Dataset entries:
# # #

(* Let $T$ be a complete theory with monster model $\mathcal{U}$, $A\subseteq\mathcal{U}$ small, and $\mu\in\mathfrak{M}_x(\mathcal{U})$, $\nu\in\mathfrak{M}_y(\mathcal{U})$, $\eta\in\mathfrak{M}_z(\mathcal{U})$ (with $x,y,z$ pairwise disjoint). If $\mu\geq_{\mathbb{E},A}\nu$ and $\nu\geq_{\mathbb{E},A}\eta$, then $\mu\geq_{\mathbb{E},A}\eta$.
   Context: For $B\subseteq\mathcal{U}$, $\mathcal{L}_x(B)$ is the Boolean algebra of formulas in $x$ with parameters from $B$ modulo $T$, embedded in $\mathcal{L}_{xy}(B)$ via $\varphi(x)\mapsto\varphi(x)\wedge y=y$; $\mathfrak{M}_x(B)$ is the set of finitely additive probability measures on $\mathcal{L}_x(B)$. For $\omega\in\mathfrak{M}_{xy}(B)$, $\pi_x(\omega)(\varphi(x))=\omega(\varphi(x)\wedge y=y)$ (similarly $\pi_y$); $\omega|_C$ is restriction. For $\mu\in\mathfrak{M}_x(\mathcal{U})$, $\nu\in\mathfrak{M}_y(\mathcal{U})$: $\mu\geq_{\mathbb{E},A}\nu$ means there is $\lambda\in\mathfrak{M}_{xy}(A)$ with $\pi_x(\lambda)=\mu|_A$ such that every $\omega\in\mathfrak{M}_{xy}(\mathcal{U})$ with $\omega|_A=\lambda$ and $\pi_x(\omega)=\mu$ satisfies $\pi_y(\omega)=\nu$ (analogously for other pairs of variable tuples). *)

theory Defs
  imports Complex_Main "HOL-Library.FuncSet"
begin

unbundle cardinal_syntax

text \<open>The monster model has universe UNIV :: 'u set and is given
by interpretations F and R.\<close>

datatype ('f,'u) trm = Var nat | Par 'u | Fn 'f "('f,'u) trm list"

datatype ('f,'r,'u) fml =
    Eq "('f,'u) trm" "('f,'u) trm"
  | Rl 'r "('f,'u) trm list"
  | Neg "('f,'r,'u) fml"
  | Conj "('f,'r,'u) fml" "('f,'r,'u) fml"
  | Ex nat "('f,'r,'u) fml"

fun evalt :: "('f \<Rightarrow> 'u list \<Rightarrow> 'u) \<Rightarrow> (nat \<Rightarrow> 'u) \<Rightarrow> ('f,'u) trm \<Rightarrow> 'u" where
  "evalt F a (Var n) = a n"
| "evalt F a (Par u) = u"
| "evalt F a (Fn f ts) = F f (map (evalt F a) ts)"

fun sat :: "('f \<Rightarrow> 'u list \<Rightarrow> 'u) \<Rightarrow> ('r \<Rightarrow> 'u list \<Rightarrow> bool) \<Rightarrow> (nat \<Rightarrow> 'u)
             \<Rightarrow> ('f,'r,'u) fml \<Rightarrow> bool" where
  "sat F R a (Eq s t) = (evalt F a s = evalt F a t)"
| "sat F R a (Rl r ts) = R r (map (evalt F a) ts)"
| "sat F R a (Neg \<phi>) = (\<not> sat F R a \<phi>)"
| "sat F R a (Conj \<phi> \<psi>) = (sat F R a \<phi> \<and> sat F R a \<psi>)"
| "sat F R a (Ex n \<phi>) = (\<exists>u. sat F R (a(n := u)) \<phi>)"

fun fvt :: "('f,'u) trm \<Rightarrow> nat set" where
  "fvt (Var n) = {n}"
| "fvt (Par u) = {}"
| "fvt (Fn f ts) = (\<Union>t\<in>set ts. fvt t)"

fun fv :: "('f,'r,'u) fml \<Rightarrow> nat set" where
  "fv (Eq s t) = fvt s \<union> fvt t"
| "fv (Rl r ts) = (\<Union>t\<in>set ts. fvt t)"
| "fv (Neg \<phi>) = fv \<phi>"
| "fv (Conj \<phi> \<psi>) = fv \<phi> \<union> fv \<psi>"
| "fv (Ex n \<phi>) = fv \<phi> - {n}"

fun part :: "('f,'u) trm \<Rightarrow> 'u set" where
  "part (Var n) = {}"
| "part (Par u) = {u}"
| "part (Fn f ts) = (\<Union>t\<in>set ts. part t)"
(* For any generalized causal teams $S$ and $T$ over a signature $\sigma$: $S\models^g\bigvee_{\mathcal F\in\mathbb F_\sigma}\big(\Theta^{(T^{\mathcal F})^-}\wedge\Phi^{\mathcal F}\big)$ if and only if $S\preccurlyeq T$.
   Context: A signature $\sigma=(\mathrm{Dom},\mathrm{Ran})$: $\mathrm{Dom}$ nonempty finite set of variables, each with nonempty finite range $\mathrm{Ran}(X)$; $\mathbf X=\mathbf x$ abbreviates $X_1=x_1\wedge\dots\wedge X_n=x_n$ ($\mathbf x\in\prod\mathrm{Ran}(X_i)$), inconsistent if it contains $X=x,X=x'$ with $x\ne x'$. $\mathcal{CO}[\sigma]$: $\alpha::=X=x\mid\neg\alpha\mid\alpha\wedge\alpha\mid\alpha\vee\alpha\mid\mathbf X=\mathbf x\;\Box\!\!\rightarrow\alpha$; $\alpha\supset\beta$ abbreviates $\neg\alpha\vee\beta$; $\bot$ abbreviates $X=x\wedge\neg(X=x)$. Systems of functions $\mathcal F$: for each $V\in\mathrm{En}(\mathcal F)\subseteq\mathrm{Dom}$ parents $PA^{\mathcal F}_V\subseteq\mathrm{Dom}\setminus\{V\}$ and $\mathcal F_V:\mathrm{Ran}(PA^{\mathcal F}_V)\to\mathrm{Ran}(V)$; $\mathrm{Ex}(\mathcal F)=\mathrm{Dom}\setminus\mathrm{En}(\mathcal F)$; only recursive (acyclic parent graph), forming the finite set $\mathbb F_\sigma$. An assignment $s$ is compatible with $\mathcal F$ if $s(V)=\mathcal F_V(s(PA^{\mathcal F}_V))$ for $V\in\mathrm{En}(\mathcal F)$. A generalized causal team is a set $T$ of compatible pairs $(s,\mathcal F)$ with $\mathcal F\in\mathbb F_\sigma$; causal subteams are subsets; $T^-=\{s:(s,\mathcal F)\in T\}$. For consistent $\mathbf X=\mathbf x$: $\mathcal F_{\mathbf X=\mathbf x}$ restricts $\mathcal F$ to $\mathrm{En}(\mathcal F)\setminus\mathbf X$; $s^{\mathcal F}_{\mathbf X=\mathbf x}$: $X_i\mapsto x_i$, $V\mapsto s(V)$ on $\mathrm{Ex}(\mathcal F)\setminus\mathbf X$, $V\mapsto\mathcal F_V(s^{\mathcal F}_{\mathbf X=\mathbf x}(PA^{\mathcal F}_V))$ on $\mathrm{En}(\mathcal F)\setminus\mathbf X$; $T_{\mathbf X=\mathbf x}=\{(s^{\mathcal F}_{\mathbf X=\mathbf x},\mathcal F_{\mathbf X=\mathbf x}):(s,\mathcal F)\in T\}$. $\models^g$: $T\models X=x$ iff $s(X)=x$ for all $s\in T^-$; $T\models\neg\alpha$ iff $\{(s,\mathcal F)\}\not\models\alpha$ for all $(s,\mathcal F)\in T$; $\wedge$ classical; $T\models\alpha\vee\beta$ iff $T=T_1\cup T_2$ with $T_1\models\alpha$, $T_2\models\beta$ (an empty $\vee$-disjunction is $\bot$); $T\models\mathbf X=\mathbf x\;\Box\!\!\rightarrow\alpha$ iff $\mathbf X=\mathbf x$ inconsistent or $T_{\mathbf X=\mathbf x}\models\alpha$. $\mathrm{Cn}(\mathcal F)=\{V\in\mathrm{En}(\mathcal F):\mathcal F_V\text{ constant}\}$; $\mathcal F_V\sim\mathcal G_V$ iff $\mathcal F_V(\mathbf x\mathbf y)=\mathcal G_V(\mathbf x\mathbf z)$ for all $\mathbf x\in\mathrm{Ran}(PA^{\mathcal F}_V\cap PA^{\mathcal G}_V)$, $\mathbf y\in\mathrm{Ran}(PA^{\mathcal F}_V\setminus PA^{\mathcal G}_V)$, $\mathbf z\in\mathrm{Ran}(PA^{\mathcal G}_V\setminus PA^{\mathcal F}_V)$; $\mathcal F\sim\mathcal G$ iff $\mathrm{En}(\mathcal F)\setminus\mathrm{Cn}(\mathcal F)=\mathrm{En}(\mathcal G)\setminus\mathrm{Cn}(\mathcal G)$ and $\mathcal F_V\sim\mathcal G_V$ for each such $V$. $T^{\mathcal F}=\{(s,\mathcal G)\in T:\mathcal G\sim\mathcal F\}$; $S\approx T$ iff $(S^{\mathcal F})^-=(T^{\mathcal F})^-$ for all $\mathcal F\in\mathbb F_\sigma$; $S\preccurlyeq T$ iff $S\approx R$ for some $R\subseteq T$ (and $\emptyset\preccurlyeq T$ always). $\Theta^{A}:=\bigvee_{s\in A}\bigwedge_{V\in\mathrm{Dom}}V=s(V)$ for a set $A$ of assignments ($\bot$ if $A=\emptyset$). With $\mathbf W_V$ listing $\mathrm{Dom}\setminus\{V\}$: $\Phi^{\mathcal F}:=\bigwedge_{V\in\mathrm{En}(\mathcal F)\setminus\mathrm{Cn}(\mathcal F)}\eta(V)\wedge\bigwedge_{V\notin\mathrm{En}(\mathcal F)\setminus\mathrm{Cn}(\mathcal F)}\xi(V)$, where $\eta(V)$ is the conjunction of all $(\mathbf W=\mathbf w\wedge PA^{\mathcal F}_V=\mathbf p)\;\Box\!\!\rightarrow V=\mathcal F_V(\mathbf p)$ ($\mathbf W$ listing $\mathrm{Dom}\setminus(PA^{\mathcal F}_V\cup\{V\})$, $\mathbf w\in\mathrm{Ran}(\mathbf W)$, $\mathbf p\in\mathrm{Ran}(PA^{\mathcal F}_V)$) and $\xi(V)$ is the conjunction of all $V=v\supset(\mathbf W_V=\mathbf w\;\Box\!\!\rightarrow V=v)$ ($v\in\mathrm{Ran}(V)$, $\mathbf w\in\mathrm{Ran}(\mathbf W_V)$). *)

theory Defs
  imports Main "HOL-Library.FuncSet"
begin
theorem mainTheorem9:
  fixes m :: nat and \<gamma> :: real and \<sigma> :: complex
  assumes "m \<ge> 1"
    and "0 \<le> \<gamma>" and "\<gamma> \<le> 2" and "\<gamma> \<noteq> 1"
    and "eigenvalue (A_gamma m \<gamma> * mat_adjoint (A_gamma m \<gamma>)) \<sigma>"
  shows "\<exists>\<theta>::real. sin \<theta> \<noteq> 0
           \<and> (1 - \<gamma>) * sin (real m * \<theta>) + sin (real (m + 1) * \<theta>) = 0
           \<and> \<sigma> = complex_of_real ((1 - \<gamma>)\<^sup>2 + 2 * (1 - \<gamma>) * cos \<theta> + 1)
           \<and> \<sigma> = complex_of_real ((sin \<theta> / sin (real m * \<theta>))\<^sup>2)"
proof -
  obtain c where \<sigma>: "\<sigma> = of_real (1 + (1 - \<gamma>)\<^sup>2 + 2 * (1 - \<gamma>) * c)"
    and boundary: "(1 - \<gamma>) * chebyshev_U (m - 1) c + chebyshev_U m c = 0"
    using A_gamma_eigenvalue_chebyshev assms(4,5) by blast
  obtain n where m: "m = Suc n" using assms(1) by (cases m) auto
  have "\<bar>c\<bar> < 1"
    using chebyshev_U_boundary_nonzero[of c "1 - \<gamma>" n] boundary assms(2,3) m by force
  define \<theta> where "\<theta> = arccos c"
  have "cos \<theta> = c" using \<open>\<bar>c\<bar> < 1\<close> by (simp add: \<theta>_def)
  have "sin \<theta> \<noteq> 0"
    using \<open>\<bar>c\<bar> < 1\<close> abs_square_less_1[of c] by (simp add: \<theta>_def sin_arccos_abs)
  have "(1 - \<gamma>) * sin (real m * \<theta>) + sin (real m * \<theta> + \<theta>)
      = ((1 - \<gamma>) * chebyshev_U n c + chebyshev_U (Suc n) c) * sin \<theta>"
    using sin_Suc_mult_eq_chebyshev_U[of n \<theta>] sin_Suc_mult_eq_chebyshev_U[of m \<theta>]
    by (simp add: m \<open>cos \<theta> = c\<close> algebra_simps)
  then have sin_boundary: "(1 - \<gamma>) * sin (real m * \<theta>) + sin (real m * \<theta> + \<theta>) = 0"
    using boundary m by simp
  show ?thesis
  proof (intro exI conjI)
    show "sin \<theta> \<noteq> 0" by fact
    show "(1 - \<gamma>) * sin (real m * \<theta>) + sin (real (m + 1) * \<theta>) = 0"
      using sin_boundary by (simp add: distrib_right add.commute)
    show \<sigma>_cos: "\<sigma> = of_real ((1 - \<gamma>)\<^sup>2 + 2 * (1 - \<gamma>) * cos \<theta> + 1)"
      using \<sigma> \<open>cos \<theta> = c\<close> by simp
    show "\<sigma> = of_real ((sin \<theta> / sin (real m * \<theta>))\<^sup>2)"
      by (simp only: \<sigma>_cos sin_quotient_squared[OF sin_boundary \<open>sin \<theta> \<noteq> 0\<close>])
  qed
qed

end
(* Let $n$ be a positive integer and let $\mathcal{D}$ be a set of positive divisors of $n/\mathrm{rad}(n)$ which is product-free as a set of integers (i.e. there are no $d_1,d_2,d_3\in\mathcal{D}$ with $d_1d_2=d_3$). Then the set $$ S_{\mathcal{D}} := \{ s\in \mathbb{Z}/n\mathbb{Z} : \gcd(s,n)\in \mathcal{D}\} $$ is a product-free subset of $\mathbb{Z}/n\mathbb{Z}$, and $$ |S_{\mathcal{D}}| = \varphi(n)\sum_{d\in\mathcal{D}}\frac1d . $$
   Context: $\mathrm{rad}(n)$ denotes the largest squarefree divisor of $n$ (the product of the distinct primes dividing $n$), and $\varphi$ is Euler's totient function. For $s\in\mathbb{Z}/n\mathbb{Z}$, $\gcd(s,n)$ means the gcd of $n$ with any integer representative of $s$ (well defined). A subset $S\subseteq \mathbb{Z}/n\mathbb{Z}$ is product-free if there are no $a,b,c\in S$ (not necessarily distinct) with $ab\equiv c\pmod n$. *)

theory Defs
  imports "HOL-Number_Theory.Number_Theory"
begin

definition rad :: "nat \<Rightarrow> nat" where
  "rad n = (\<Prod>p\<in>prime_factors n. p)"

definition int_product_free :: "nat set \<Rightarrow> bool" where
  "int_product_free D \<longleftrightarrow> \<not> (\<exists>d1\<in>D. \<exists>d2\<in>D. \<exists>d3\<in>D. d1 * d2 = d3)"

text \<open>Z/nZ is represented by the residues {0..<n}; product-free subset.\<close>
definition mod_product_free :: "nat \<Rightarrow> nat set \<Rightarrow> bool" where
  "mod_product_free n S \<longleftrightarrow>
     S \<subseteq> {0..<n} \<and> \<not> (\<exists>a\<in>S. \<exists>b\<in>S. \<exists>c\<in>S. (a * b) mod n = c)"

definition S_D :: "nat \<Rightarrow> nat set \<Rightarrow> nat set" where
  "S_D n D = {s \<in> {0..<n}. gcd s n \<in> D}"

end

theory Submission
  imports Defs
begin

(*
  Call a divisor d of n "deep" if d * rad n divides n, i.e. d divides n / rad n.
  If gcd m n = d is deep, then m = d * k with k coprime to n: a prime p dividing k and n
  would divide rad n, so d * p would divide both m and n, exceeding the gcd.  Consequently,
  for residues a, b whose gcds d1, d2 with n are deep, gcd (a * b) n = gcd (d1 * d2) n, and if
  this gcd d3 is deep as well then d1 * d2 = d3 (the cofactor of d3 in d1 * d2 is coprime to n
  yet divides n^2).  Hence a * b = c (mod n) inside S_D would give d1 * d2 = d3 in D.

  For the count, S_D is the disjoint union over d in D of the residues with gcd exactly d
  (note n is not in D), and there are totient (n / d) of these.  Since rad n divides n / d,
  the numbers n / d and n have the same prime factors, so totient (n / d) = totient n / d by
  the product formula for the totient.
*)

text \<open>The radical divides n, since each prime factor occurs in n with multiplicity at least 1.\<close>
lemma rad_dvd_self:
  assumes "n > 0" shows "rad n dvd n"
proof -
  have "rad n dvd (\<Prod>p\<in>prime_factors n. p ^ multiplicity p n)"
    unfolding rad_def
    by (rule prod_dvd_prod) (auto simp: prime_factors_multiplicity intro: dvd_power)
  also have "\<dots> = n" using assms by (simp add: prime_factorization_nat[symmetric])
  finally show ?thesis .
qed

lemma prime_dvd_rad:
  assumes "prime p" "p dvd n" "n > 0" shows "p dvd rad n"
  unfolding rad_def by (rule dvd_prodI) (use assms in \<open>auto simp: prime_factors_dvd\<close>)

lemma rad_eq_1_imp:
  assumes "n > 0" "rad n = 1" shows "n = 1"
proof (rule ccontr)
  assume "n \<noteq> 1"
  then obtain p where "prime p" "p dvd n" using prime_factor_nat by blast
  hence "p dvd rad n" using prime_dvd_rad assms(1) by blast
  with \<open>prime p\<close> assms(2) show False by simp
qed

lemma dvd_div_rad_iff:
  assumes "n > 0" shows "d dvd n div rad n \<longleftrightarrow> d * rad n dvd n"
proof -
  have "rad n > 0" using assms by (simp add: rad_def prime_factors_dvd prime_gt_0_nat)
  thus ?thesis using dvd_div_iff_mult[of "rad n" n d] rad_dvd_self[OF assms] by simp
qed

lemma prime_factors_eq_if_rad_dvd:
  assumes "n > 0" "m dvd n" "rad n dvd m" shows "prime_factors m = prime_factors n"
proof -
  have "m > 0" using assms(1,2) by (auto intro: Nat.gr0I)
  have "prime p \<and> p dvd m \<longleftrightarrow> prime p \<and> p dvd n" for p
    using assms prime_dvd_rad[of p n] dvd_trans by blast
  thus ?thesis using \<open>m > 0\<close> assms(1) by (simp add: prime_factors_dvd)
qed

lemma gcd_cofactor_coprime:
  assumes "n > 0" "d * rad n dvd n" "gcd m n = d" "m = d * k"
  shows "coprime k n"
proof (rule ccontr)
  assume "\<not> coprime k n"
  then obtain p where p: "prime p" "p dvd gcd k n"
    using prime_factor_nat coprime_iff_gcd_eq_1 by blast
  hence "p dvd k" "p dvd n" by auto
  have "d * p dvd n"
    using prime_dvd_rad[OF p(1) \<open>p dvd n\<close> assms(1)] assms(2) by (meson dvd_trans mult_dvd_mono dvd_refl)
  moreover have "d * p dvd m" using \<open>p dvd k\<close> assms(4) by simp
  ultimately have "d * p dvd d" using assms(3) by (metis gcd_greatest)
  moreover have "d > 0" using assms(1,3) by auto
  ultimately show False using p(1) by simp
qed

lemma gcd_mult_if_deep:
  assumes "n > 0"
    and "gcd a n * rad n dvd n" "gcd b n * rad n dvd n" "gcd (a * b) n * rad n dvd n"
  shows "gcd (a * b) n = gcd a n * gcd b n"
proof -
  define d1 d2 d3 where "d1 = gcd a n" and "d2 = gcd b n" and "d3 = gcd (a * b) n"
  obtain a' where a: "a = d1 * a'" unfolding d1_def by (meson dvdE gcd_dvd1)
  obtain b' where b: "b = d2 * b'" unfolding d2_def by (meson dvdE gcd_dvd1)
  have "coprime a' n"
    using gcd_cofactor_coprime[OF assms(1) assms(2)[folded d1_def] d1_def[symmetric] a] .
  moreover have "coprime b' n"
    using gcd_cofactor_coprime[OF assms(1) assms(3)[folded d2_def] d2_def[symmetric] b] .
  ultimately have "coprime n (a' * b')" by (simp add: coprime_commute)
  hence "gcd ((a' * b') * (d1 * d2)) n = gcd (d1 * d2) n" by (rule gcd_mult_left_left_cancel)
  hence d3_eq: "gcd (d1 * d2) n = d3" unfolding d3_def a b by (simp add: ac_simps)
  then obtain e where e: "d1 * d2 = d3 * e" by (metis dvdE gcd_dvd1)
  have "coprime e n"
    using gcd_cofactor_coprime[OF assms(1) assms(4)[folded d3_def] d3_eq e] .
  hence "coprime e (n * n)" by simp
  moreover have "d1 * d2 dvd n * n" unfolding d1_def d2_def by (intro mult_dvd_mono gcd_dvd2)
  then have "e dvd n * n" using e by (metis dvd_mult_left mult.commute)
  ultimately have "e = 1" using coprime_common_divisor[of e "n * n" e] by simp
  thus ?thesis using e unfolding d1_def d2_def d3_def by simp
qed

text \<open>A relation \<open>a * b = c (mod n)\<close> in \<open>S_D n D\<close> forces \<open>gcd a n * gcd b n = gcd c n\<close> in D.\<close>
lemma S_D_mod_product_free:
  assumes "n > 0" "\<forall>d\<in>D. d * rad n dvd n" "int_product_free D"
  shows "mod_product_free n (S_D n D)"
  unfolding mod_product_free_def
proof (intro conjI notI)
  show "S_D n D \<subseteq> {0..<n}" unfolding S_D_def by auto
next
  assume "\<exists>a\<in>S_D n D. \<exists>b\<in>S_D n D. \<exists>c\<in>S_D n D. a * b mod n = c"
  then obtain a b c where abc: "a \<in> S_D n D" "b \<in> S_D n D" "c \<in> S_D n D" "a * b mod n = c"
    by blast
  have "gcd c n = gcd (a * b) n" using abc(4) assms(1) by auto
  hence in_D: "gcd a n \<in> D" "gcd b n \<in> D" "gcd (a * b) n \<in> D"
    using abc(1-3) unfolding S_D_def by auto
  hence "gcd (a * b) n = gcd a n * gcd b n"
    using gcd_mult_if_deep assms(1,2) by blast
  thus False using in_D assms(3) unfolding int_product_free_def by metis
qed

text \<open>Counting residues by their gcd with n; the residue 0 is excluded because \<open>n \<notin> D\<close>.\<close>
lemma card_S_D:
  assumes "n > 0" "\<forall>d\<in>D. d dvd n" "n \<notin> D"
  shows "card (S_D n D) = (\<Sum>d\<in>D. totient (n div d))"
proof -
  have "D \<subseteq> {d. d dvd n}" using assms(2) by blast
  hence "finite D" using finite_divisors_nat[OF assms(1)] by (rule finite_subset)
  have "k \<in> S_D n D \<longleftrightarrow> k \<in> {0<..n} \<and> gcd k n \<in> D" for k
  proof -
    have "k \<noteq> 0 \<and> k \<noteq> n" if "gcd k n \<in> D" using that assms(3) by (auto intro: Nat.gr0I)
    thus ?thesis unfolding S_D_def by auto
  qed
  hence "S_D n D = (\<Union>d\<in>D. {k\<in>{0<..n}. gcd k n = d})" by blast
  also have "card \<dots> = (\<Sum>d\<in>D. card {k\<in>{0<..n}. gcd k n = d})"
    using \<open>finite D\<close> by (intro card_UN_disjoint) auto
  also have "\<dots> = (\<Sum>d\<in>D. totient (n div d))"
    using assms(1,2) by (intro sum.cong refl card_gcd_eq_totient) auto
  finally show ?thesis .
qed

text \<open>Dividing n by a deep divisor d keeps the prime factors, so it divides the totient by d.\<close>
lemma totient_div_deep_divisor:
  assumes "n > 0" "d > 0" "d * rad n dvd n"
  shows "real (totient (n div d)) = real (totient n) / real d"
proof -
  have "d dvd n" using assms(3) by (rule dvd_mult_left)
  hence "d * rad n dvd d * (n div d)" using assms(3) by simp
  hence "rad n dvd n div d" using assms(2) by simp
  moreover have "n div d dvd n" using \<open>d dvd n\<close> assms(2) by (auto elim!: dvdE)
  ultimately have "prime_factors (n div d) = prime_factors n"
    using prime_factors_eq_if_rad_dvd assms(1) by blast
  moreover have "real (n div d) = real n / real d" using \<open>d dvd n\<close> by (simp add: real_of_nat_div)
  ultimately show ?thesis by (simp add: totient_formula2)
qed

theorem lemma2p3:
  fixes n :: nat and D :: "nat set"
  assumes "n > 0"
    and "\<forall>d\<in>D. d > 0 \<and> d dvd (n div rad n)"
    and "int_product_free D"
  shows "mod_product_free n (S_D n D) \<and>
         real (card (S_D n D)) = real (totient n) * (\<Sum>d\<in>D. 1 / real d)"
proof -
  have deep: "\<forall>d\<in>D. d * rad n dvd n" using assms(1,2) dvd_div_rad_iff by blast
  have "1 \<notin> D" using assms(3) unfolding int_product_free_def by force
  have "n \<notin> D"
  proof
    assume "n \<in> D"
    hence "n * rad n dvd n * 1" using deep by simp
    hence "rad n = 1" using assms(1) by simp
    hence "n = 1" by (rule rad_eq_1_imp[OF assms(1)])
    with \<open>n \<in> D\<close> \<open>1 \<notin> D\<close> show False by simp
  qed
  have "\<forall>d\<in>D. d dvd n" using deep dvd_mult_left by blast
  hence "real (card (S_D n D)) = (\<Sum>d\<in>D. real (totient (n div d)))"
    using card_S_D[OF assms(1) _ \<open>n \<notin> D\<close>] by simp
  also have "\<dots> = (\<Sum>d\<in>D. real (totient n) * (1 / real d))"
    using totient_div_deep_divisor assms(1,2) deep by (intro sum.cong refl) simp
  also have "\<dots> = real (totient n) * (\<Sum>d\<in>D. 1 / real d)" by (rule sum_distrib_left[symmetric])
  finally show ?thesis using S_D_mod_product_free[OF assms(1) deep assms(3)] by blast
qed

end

# # #

Work to be completed:
Lines from the top of the data above through the line containing "datatype ('f,'r,'u) fml" must be repeated exactly. All other lines stay out.

Task answer:
(* Let $T$ be a complete theory with monster model $\mathcal{U}$, $A\subseteq\mathcal{U}$ small, and $\mu\in\mathfrak{M}_x(\mathcal{U})$, $\nu\in\mathfrak{M}_y(\mathcal{U})$, $\eta\in\mathfrak{M}_z(\mathcal{U})$ (with $x,y,z$ pairwise disjoint). If $\mu\geq_{\mathbb{E},A}\nu$ and $\nu\geq_{\mathbb{E},A}\eta$, then $\mu\geq_{\mathbb{E},A}\eta$.
   Context: For $B\subseteq\mathcal{U}$, $\mathcal{L}_x(B)$ is the Boolean algebra of formulas in $x$ with parameters from $B$ modulo $T$, embedded in $\mathcal{L}_{xy}(B)$ via $\varphi(x)\mapsto\varphi(x)\wedge y=y$; $\mathfrak{M}_x(B)$ is the set of finitely additive probability measures on $\mathcal{L}_x(B)$. For $\omega\in\mathfrak{M}_{xy}(B)$, $\pi_x(\omega)(\varphi(x))=\omega(\varphi(x)\wedge y=y)$ (similarly $\pi_y$); $\omega|_C$ is restriction. For $\mu\in\mathfrak{M}_x(\mathcal{U})$, $\nu\in\mathfrak{M}_y(\mathcal{U})$: $\mu\geq_{\mathbb{E},A}\nu$ means there is $\lambda\in\mathfrak{M}_{xy}(A)$ with $\pi_x(\lambda)=\mu|_A$ such that every $\omega\in\mathfrak{M}_{xy}(\mathcal{U})$ with $\omega|_A=\lambda$ and $\pi_x(\omega)=\mu$ satisfies $\pi_y(\omega)=\nu$ (analogously for other pairs of variable tuples). *)

theory Defs
  imports Complex_Main "HOL-Library.FuncSet"
begin

unbundle cardinal_syntax

text \<open>The monster model has universe UNIV :: 'u set and is given
by interpretations F and R.\<close>

datatype ('f,'u) trm = Var nat | Par 'u | Fn 'f "('f,'u) trm list"

datatype ('f,'r,'u) fml =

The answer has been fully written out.